Re: [SOLVED, kind of] Re: ext4: debugfs: icheck: Input/output error while calling ext2fs_block_iterate

2019-09-30 Thread Greg Wooledge
On Sun, Sep 29, 2019 at 03:04:48AM +0200, local10 wrote:
> Sep 28, 2019, 11:24 by bouncingc...@gmail.com:
> 
> > Having read that, I don't see any admission that fsck makes any
> > changes if run without any options as it seems you did. So I
> > wonder what caused the change in the debugfs message.
> >
> 
> man wasn't available in BusyBox so I had to limit myself to the options 
> available through "fsck.ext4 --help". I think I ran it as "fsck.ext4 -cfv 
> /dev/sda", if I remember correctly.

There's always .  It'll redirect
to some variant of the man page in the current stable release, usually.



Re: ext4: debugfs: icheck: Input/output error while calling ext2fs_block_iterate

2019-09-30 Thread Greg Wooledge
On Sat, Sep 28, 2019 at 04:01:27PM +1000, David wrote:
> > Maybe better to hide the stdout from md5sum:
> > # find junk -xdev -type f -exec md5sum '{}' >/dev/null \;
> 
> To be more precise, that hides the stdout from both md5sum and find,
> but I don't think that matters to the goal.
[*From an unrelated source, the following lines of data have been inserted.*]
lemma expectation_yule_chain_same_type_subsets_Suc:
  assumes p: "0 \<le> p" "p \<le> 1"
  shows "measure_pmf.expectation (yule_chain p (Suc m)) (\<lambda>ys. real (same_type_subsets ys (Suc (Suc j))))
    = (1 + p * Suc (Suc j) / Suc m) *
        measure_pmf.expectation (yule_chain p m) (\<lambda>ys. real (same_type_subsets ys (Suc (Suc j))))
      + p * Suc j / Suc m *
        measure_pmf.expectation (yule_chain p m) (\<lambda>ys. real (same_type_subsets ys (Suc j)))"
proof -
  have ne: "xs \<noteq> []" if "xs \<in> set_pmf (yule_chain p m)" for xs
    using length_yule_chain[OF that] by auto
  have "measure_pmf.expectation (yule_chain p (Suc m)) (\<lambda>ys. real (same_type_subsets ys (Suc (Suc j))))
      = measure_pmf.expectation (yule_chain p m) (\<lambda>xs.
          measure_pmf.expectation (yule_step p xs) (\<lambda>ys. real (same_type_subsets ys (Suc (Suc j)))))"
    using ne by (simp add: expectation_bind_pmf_finite finite_set_pmf_yule_chain finite_set_pmf_yule_step)
  also have "\<dots> = measure_pmf.expectation (yule_chain p m) (\<lambda>xs.
      (1 + p * Suc (Suc j) / Suc m) * real (same_type_subsets xs (Suc (Suc j)))
      + p * Suc j / Suc m * real (same_type_subsets xs (Suc j)))"
  proof (rule expectation_cong_pmf)
    fix xs
    assume xs: "xs \<in> set_pmf (yule_chain p m)"
    show "measure_pmf.expectation (yule_step p xs) (\<lambda>ys. real (same_type_subsets ys (Suc (Suc j))))
      = (1 + p * Suc (Suc j) / Suc m) * real (same_type_subsets xs (Suc (Suc j)))
        + p * Suc j / Suc m * real (same_type_subsets xs (Suc j))"
      unfolding expectation_yule_step_same_type_subsets[OF ne[OF xs] p] length_yule_chain[OF xs]
      by (simp add: divide_inverse algebra_simps)
  qed
  also have "\<dots> = (1 + p * Suc (Suc j) / Suc m) *
        measure_pmf.expectation (yule_chain p m) (\<lambda>ys. real (same_type_subsets ys (Suc (Suc j))))
      + p * Suc j / Suc m *
        measure_pmf.expectation (yule_chain p m) (\<lambda>ys. real (same_type_subsets ys (Suc j)))"
    by (simp add: integrable_measure_pmf_finite finite_set_pmf_yule_chain)
  finally show ?thesis .
qed
(* Let $n\ge2$, $\mathbf i\in\Sigma_n$, $0\le s\le n(n-1)/2$ and $\bullet\in\{D,A\}$. Then there is a canonical injective map $\Psi_\bullet(\mathbf i,s):\mathcal{GP}(\mathbf i)\hookrightarrow\mathcal{GP}(E_\bullet(s)(\mathbf i))$ whose image is exactly the set of rigorous paths $P$ of $G(E_\bullet(s)(\mathbf i))$ such that $P$ does not switch wires at any node lying on $\ell_\bullet$, where $\ell_D:=\ell_{n+1}$ and $\ell_A:=\ell_1$ (wires of $G(E_\bullet(s)(\mathbf i))$). In particular $|\mathcal{GP}(E_\bullet(s)(\mathbf i))|$ equals $|\mathcal{GP}(\mathbf i)|$ plus the number of rigorous paths of $E_\bullet(s)(\mathbf i)$ that switch wires at some node of $\ell_\bullet$.
   Context: $\Sigma_{m+1}$: reduced words of the longest element of $\mathfrak S_{m+1}$ in $s_i=(i,i+1)$, of length $m(m+1)/2$. Extensions: for $\mathbf i=(i_1,\dots,i_M)\in\Sigma_n$ ($M=n(n-1)/2$) and $0\le s\le M$, let $\mathbf i^-(s)=(i_1,\dots,i_{M-s})$, $\mathbf i^+(s)=(i_{M-s+1},\dots,i_M)$; for a word $\mathbf w$, $\mathbf w+1$ adds $1$ to every letter. $E_D(s)(\mathbf i):=\mathbf i^-(s)\,(n,n-1,\dots,1)\,(\mathbf i^+(s)+1)\in\Sigma_{n+1}$ and $E_A(s)(\mathbf i):=(\mathbf i^-(s)+1)\,(1,2,\dots,n)\,\mathbf i^+(s)\in\Sigma_{n+1}$ (concatenations). Wiring diagram $G(\mathbf j)$ for $\mathbf j\in\Sigma_{m+1}$: $m+1$ wires $\ell_1,\dots,\ell_{m+1}$ run top to bottom through positions $1,\dots,m+1$; at the top $\ell_k$ is in position $k$; the $j$-th node swaps the wires in positions $j_j, j_j+1$; at the bottom $\ell_k$ is in position $m+2-k$ and ends at $L_k$. Rigorous paths: for $k\in[m]$, $G(\mathbf j,k)$ has $\ell_1,\dots,\ell_k$ oriented upward and the rest downward. A rigorous path in $G(\mathbf j,k)$ starts at $L_k$, ends at $L_{k+1}$, moves along wires in their orientation, switches wires only at their crossing node, passes each node at most once, and never passes straight through $\ell_a\cap\ell_b$ while on $\ell_a$ when both are downward with $a>b$ or both upward with $a<b$. $\mathcal{GP}(\mathbf j)$ = set of all rigorous paths (all $k$). *)

theory Defs
  imports Main "HOL-Combinatorics.Transposition"
begin
lemma mod_add_complement_twice:
  fixes c v m :: nat
  assumes "v < m"
  shows "(c + (m - (c + (m - v)) mod m)) mod m = v"
proof -
  let ?r = "(c + (m - v)) mod m"
  have r: "int ?r = (int c + int m - int v) mod int m"
    using assms by (simp add: of_nat_mod)
  have "?r \<le> m"
    using assms by (simp add: less_imp_le)
  then have "int ((c + (m - ?r)) mod m) = (int c + int m - int ?r) mod int m"
    by (simp add: of_nat_mod)
  also have "\<dots> = (int c + int m - (int c + int m - int v)) mod int m"
    unfolding r by (rule mod_diff_right_eq)
  also have "\<dots> = int v"
    using assms by simp
  finally show ?thesis by simp
qed

lemma sum_card_swap:
  assumes "finite A" "finite B"
  shows "(\<Sum>a\<in>A. card {b\<in>B. R a b}) = (\<Sum>b\<in>B. card {a\<in>A. R a b})"
proof -
  have "card {b\<in>B. R a b} = (\<Sum>b\<in>B. if R a b then 1 else 0)" for a
    using assms(2) by (simp add: sum.inter_filter[symmetric])
  moreover have "card {a\<in>A. R a b} = (\<Sum>a\<in>A. if R a b then 1 else 0)" for b
    using assms(1) by (simp add: sum.inter_filter[symmetric])
  ultimately show ?thesis
    by (simp add: sum.swap[of _ A])
qed

locale torus =
  fixes h m :: nat and node :: "(nat \<Rightarrow> nat) \<Rightarrow> nat"
  assumes h_pos: "0 < h" and m_pos: "0 < m"
    and node_bij: "bij_betw node (PiE {..<h} (\<lambda>_. {..<m})) {1..m ^ h}"
begin

abbreviation vectors :: "(nat \<Rightarrow> nat) set" where
  "vectors \<equiv> PiE {..<h} (\<lambda>_. {..<m})"

text \<open>A definition rather than an abbreviation: the simplifier would otherwise rewrite membership
  into arithmetic, and conditional rewrite rules with premise \<open>i \<in> nodes\<close> would stop firing.\<close>

definition nodes :: "nat set" where
  "nodes = {1..m ^ h}"

definition coord :: "nat \<Rightarrow> nat \<Rightarrow> nat" where
  "coord = inv_into vectors node"

lemma node_bij_nodes: "bij_betw node vectors nodes"
  unfolding nodes_def by (rule node_bij)

lemma finite_nodes: "finite nodes"
  unfolding nodes_def by simp

lemma coord_in_vectors: "i \<in> nodes \<Longrightarrow> coord i \<in> vectors"
  unfolding coord_def using node_bij_nodes by (metis bij_betw_def inv_into_into)

lemma node_coord: "i \<in> nodes \<Longrightarrow> node (coord i) = i"
  unfolding coord_def using node_bij_nodes by (simp add: bij_betw_def f_inv_into_f)

lemma coord_node: "v \<in> vectors \<Longrightarrow> coord (node v) = v"
  unfolding coord_def using node_bij_nodes by (meson bij_betw_inv_into_left)

lemma node_in_nodes: "v \<in> vectors \<Longrightarrow> node v \<in> nodes"
  using node_bij_nodes by (rule bij_betw_apply)

lemma coord_less: "i \<in> nodes \<Longrightarrow> d < h \<Longrightarrow> coord i d < m"
  using coord_in_vectors by (auto simp: PiE_iff)

lemma vector_less: "v \<in> vectors \<Longrightarrow> d < h \<Longrightarrow> v d < m"
  by (auto simp: PiE_iff)

lemma finite_vectors: "finite vectors"
  by (simp add: finite_PiE)

lemma card_vectors: "card vectors = m ^ h"
  by (simp add: card_PiE)

lemma node_eqI:
  assumes "i \<in> nodes" "j \<in> nodes" "\<And>d. d < h \<Longrightarrow> coord i d = coord j d"
  shows "i = j"
proof -
  have "coord i = coord j"
    using coord_in_vectors[OF assms(1)] coord_in_vectors[OF assms(2)] by (rule PiE_ext) (simp add: assms(3))
  then show ?thesis
    by (metis assms(1,2) node_coord)
qed

definition translate :: "(nat \<Rightarrow> nat) \<Rightarrow> nat \<Rightarrow> nat" where
  "translate c i = (if i \<in> nodes then node (\<lambda>d\<in>{..<h}. (coord i d + c d) mod m) else i)"

lemma translate_outside: "i \<notin> nodes \<Longrightarrow> translate c i = i"
  unfolding translate_def by (rule if_not_P)

lemma translate_in_nodes:
  assumes "i \<in> nodes"
  shows "translate c i \<in> nodes"
proof -
  have "(\<lambda>d\<in>{..<h}. (coord i d + c d) mod m) \<in> vectors"
    using m_pos by (simp add: PiE_iff)
  then show ?thesis
    unfolding translate_def if_P[OF assms] by (rule node_in_nodes)
qed

lemma coord_translate:
  "i \<in> nodes \<Longrightarrow> d < h \<Longrightarrow> coord (translate c i) d = (coord i d + c d) mod m"
  unfolding translate_def using m_pos by (simp add: coord_node PiE_iff)

lemma translate_zero: "translate (\<lambda>_. 0) i = i"
proof (cases "i \<in> nodes")
  case True
  show ?thesis
    by (rule node_eqI) (simp_all add: True translate_in_nodes coord_translate coord_less)
qed (rule translate_outside)

lemma translate_translate:
  "translate c (translate c' i) = translate (\<lambda>d. c' d + c d) i"
proof (cases "i \<in> nodes")
  case True
  show ?thesis
    by (rule node_eqI) (simp_all add: True translate_in_nodes coord_translate mod_add_left_eq add.assoc)
qed (simp add: translate_outside)

lemma translate_cong:
  assumes "\<And>d. d < h \<Longrightarrow> c d mod m = c' d mod m"
  shows "translate c i = translate c' i"
proof -
  have "(coord i d + c d) mod m = (coord i d + c' d) mod m" if "d < h" for d
    by (metis assms[OF that] mod_add_right_eq)
  then have "(\<lambda>d\<in>{..<h}. (coord i d + c d) mod m) = (\<lambda>d\<in>{..<h}. (coord i d + c' d) mod m)"
    by (intro restrict_ext) simp
  then show ?thesis
    unfolding translate_def by simp
qed

lemma translate_inverse: "translate (\<lambda>d. m - c d mod m) (translate c i) = i"
proof -
  have cancel: "(x + (m - x mod m)) mod m = 0" for x
  proof -
    have "(x + (m - x mod m)) mod m = (x mod m + (m - x mod m)) mod m"
      by (simp add: mod_add_left_eq)
    also have "\<dots> = 0"
      using m_pos by (simp add: less_imp_le)
    finally show ?thesis .
  qed
  have "translate (\<lambda>d. m - c d mod m) (translate c i) = translate (\<lambda>_. 0) i"
    unfolding translate_translate by (rule translate_cong) (simp only: cancel mod_0)
  then show ?thesis
    unfolding translate_zero .
qed

lemma translate_permutes: "translate c permutes nodes"
proof (rule bij_imp_permutes)
  have inj: "inj_on (translate c) nodes"
    by (rule inj_on_inverseI[where g = "translate (\<lambda>d. m - c d mod m)"]) (rule translate_inverse)
  moreover have "translate c ` nodes = nodes"
    using inj translate_in_nodes by (intro endo_inj_surj) (auto simp: finite_nodes)
  ultimately show "bij_betw (translate c) nodes nodes"
    by (simp add: bij_betw_def)
qed (rule translate_outside)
This is correct.  Pedantry follows:

The >/dev/null redirection applies to the "simple" shell command in
which it occurs, which happens to be find.  Its position within that
simple shell command is irrelevant.  It could be at the end, at the
beginning, or somewhere in the middle.  In this case, it happens to be
in the middle.

The command is 100% equivalent to:

find junk -xdev -type f -exec md5sum '{}' \; >/dev/null

find's stdout is redirected to /dev/null, and if find happens to find
any files which meet its matching criteria, and executes md5sum to
operate on them, md5sum will inherit find's stdout, which will still
be pointed to /dev/null.

The freedom to place a redirection anywhere within a simple shell command
is why examples like this one:

[ "$i" > 5 ]

give such surprising results.  This is a simple shell command (the
command name is "["), with an output redirection in it.  It is 100%
equivalent to

[ "$i" ] > 5

which opens-and-truncates a file named "5" for stdout, then performs
a string-length test on the value of "$i".  The command's exit status
will be "true" (0) as long as "$i" is not empty.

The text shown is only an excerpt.